* [TASK DIRECTIONS]: Report the lines of the material that carry the string "comment".

* [PROVIDED RECORDS]:
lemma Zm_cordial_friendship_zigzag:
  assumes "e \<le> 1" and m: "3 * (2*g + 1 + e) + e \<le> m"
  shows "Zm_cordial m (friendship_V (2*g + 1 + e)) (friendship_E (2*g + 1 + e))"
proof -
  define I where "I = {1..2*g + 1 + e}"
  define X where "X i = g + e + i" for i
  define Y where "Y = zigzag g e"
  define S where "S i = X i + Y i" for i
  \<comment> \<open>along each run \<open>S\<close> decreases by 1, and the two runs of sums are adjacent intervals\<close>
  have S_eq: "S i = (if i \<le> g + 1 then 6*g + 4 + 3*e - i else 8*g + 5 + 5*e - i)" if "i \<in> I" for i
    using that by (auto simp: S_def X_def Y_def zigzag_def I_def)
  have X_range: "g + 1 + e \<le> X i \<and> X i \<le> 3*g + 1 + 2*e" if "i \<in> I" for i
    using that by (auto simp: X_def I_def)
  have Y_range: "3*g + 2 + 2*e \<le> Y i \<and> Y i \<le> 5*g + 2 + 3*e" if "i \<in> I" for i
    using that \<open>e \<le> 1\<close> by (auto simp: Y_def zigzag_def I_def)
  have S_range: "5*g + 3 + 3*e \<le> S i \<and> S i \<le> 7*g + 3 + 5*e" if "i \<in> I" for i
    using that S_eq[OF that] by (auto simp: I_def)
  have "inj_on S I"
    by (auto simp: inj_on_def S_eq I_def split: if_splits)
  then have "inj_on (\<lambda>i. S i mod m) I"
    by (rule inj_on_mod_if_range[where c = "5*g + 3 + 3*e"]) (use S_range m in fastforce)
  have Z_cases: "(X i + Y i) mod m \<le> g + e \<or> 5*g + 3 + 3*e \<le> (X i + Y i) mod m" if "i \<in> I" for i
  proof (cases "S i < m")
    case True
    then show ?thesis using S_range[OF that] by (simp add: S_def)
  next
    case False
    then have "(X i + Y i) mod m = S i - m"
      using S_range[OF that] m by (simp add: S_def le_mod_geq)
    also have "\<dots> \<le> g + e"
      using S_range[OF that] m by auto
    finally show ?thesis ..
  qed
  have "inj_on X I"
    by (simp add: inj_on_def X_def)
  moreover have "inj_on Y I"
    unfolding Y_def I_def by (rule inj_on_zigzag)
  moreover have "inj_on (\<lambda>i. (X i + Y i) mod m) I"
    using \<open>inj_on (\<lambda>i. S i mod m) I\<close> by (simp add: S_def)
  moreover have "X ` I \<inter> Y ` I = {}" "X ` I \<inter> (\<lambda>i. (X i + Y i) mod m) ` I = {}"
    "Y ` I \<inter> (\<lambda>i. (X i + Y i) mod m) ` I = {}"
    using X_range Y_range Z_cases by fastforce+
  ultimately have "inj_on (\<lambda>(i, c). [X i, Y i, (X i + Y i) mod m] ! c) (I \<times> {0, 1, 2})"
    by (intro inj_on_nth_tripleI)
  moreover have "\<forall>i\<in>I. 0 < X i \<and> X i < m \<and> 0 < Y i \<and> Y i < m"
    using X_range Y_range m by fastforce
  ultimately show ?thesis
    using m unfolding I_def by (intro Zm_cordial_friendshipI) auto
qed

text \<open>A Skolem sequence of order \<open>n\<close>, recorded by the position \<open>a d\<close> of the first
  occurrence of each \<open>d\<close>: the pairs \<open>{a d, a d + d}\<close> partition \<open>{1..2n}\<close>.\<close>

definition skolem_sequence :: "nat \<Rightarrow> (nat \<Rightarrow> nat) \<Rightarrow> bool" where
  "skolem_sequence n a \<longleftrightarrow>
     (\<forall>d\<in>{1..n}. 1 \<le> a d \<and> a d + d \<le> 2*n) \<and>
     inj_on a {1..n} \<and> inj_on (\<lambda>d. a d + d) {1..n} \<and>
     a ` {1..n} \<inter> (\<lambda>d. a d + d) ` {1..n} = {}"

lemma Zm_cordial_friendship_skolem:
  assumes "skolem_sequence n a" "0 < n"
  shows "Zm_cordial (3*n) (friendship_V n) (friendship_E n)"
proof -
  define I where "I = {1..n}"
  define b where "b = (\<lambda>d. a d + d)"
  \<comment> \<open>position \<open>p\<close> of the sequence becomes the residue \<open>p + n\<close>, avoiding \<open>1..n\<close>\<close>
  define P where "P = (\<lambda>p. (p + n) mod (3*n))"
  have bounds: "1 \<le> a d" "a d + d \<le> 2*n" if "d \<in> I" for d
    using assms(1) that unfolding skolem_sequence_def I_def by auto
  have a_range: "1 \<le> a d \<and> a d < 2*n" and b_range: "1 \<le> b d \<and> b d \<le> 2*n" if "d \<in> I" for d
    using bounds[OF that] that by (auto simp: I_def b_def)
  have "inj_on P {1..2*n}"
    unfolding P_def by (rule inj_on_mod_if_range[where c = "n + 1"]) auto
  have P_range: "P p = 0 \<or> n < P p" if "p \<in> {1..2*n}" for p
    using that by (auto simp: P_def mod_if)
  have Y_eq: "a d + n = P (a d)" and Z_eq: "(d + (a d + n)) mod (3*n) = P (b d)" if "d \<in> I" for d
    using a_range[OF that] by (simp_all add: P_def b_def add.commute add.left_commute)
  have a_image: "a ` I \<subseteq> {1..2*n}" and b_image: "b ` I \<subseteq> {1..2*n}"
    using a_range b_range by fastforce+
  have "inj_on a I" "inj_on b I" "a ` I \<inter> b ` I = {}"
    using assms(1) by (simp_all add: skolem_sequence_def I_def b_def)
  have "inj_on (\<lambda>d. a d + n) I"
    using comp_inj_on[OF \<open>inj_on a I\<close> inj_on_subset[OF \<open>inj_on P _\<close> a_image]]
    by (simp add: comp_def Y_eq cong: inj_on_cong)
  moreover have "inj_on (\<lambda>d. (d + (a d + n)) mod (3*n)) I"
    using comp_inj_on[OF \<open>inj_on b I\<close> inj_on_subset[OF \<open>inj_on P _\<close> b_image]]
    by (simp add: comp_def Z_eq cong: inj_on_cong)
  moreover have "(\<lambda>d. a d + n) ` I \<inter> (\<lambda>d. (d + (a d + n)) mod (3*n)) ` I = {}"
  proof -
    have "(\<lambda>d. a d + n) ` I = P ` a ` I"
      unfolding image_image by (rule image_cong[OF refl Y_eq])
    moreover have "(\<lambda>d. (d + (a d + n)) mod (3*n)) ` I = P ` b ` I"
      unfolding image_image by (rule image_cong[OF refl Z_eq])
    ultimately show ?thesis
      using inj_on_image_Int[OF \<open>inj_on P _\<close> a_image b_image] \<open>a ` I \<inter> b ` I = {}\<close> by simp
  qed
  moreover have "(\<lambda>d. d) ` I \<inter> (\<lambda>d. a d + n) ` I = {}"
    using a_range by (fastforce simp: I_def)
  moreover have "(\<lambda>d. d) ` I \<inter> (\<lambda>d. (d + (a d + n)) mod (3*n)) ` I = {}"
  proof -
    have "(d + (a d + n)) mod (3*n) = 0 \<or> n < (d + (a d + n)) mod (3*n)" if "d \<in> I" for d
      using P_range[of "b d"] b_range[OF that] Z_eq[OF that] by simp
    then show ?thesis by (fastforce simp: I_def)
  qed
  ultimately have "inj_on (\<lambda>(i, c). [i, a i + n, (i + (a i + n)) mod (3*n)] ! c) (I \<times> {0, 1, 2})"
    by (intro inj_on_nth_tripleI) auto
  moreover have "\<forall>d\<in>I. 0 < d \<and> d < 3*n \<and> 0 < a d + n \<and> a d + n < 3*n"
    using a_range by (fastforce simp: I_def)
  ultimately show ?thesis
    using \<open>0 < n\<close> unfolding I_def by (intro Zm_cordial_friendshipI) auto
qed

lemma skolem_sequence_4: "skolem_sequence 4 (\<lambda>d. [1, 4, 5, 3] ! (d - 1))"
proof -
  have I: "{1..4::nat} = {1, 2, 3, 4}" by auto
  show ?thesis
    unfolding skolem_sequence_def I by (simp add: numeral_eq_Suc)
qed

* [ANSWER SECTION]:
  \<comment> \<open>along each run \<open>S\<close> decreases by 1, and the two runs of sums are adjacent intervals\<close>
  \<comment> \<open>position \<open>p\<close> of the sequence becomes the residue \<open>p + n\<close>, avoiding \<open>1..n\<close>\<close>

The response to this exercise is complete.